I watch Steve get out of my car and walk to his front door. I sneak a glance at his ass as he walks. I feel a little guilty about it, since the guy is so out of it. But most of the guilt fades away when I see it. It’s nice, tight and just the right size to hold on to.
As soon as the door shuts behind him, I take the car out of park and start to drive home. I have to admit I was a little skeptical when Lucas first set this meeting up. I’d never been on one before, but I had certainly heard the horror stories. It wasn’t that I didn’t trust Lucas, because I did. He was one of the nicest guys in my office. Everyone knew that if you needed something you went to see Lucas and he would do everything he could to help you.
Despite his reputation, I didn’t set out to get a date. I remember back to that fateful lunch when Lucas started talking about his new beau. It made me feel lonely. He must have noticed, because he asked me if I had anyone special in my life. I couldn’t even get the words out. I just shook my head and let that speak for itself.
But Lucas was not so deterred. He badgered me until he found out I was gay and then set me up with one of his friends. I wasn’t given too much information about Steve before the date. I knew he was a med student and that he and Lucas were best friends. I was also told he was hot, but that didn’t mean much coming from the guy’s friend.
And yet, everything Lucas told me about Steve was true. And then some. The man was absolutely adorable. He looked good enough to eat, even with those dark circle under his eyes.
I feel bad now that I didn’t notice his exhaustion earlier in the date. We had a lovely start to the meal, getting to know each other. I learned a lot about him and his back story. Where he went to college, how many siblings he had, that he was a geek in high school. And he learned the same stuff about me.
It should have been boring, telling my life story over again. After all, how many first dates can you go on before you just want to type it all out and hand it to the person.?
But there was something about Steve. I didn’t want to hand him a sheet of paper about my life. I wanted to tell him. I can’t even really explain why. I just knew I needed to talk with him and share my feelings with him. Personally.

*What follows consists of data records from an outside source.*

lemma closed_set_Int_c:
  assumes x: "x \<in> closed_sets" shows "\<exists>j\<in>underS r \<alpha>. a j = x \<inter> c"
proof -
  note x = closed_setsD[OF x]
  obtain \<beta>\<^sub>0 where \<beta>\<^sub>0: "lt r \<beta>\<^sub>0 \<alpha>" "\<forall>y\<in>x. lt r y \<beta>\<^sub>0"
    using bounded_below_if_cof_omega1[OF cof_omega1 x(2,1)] by blast
  then obtain \<gamma>\<^sub>0 where "\<gamma>\<^sub>0 \<in> c" "(\<beta>\<^sub>0, \<gamma>\<^sub>0) \<in> r"
    using cofinal mem_underS_iff unfolding cofinal_in_def by blast
  then have "\<gamma>\<^sub>0 \<in> {\<gamma>\<in>c. \<forall>y\<in>x. lt r y \<gamma>}" using \<beta>\<^sub>0(2) lt_le_trans by blast
  then obtain \<beta> where \<beta>: "\<beta> \<in> c" "\<forall>y\<in>x. lt r y \<beta>"
    and least: "\<And>\<gamma>. \<gamma> \<in> c \<Longrightarrow> \<forall>y\<in>x. lt r y \<gamma> \<Longrightarrow> (\<beta>, \<gamma>) \<in> r"
    using exists_least[of \<gamma>\<^sub>0 "{\<gamma>\<in>c. \<forall>y\<in>x. lt r y \<gamma>}"] by blast
  have "x \<inter> c = c \<inter> underS r \<beta>"
  proof
    show "x \<inter> c \<subseteq> c \<inter> underS r \<beta>" using \<beta>(2) mem_underS_iff by blast
    show "c \<inter> underS r \<beta> \<subseteq> x \<inter> c"
    proof
      fix g assume g: "g \<in> c \<inter> underS r \<beta>"
      then obtain y where "y \<in> x" "\<not> lt r y g"
        using least lt_imp_not_le mem_underS_iff by blast
      moreover obtain \<gamma> where "\<gamma> \<in> x \<inter> c" "lt r y \<gamma>" using x(6) calculation(1) by blast
      ultimately have "g \<in> c \<inter> underS r \<gamma>"
        using g not_lt_imp_le le_lt_trans mem_underS_iff by blast
      then show "g \<in> x \<inter> c" using x(7) \<open>\<gamma> \<in> x \<inter> c\<close> by blast
    qed
  qed
  moreover have "\<beta> \<in> underS r \<alpha>" using \<beta>(1) c_subset by blast
  ultimately show ?thesis using approach by force
qed

lemma closed_set_Int_omega1:
  assumes x: "x \<in> closed_sets" shows "\<exists>\<delta>\<in>omega1. x \<inter> omega1 = underS r \<delta>"
proof -
  note x = closed_setsD[OF x]
  have "\<not> omega1 \<subseteq> x" using uncountable_omega1 x(2) countable_subset by blast
  then obtain \<delta> where \<delta>: "\<delta> \<in> omega1 - x" and least: "\<And>\<xi>. \<xi> \<in> omega1 - x \<Longrightarrow> (\<delta>, \<xi>) \<in> r"
    using exists_least[of _ "omega1 - x"] by blast
  have "x \<inter> omega1 = underS r \<delta>"
  proof
    show "x \<inter> omega1 \<subseteq> underS r \<delta>"
    proof
      fix \<xi> assume \<xi>: "\<xi> \<in> x \<inter> omega1"
      show "\<xi> \<in> underS r \<delta>"
      proof (rule ccontr)
        assume "\<xi> \<notin> underS r \<delta>"
        then have "\<delta> \<in> underS r \<xi>"
          using \<xi> \<delta> not_lt_imp_le mem_underS_iff unfolding underS_def by auto
        then show False using x(3) \<xi> \<delta> by blast
      qed
    qed
    show "underS r \<delta> \<subseteq> x \<inter> omega1"
    proof
      fix \<xi> assume "\<xi> \<in> underS r \<delta>"
      then have "lt r \<xi> \<delta>" using mem_underS_iff by blast
      then have "\<xi> \<in> omega1" using omega1_downward_closed \<delta> by blast
      moreover have "\<xi> \<in> x" using least calculation \<open>lt r \<xi> \<delta>\<close> lt_imp_not_le by blast
      ultimately show "\<xi> \<in> x \<inter> omega1" by blast
    qed
  qed
  then show ?thesis using \<delta> by blast
qed

lemma closed_set_eq_decoded_set:
  assumes x: "x \<in> closed_sets"
  shows "\<exists>j \<delta>. lt r j \<alpha> \<and> \<delta> \<in> omega1 \<and> x = decoded_set a e j \<delta>"
proof -
  obtain j where j: "j \<in> underS r \<alpha>" "a j = x \<inter> c" using closed_set_Int_c[OF x] by blast
  obtain \<delta> where \<delta>: "\<delta> \<in> omega1" "x \<inter> omega1 = underS r \<delta>" using closed_set_Int_omega1[OF x] by blast
  note x = closed_setsD[OF x]
  have "x = decoded_set a e j \<delta>"
  proof
    show "x \<subseteq> decoded_set a e j \<delta>"
    proof
      fix y assume "y \<in> x"
      then obtain \<gamma> where \<gamma>: "\<gamma> \<in> x \<inter> c" "lt r y \<gamma>" using x(6) by blast
      then have "e \<gamma> y \<in> x \<inter> omega1"
        using x(4) \<open>y \<in> x\<close> e_into_omega1 mem_underS_iff by blast
      then show "y \<in> decoded_set a e j \<delta>"
        unfolding decoded_set_def using \<gamma> j(2) \<delta>(2) by blast
    qed
    show "decoded_set a e j \<delta> \<subseteq> x"
      unfolding decoded_set_def using x(5) j(2) \<delta>(2) by blast
  qed
  then show ?thesis using j(1) \<delta>(1) mem_underS_iff by blast
qed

It was a little weird at first. I had never in my life wanted to talk to a person so much. Nor had I ever had such a good time talking with someone. Sure, it was simple and mundane, but there was just something about him.
At least until he started to fall asleep on me. At first, I have to admit I was a little perturbed. I know I’m not the most exciting guy in the world, but falling asleep was really rude. Of course, when I learned why it made me feel like an ass. I guess I should have put med student and lack of sleep together, but, for some reason, I just didn’t.
Once I found the reason behind it, I couldn’t help but admire him just a little bit more. He tried so hard to be involved in the date when all he must have wanted to do was collapse. It makes me think maybe he’s interested in me too. And that kiss…
There is something special about that man. I hope he calls. Because I really, really think we might have something here.
There you have it! Part 3 is complete.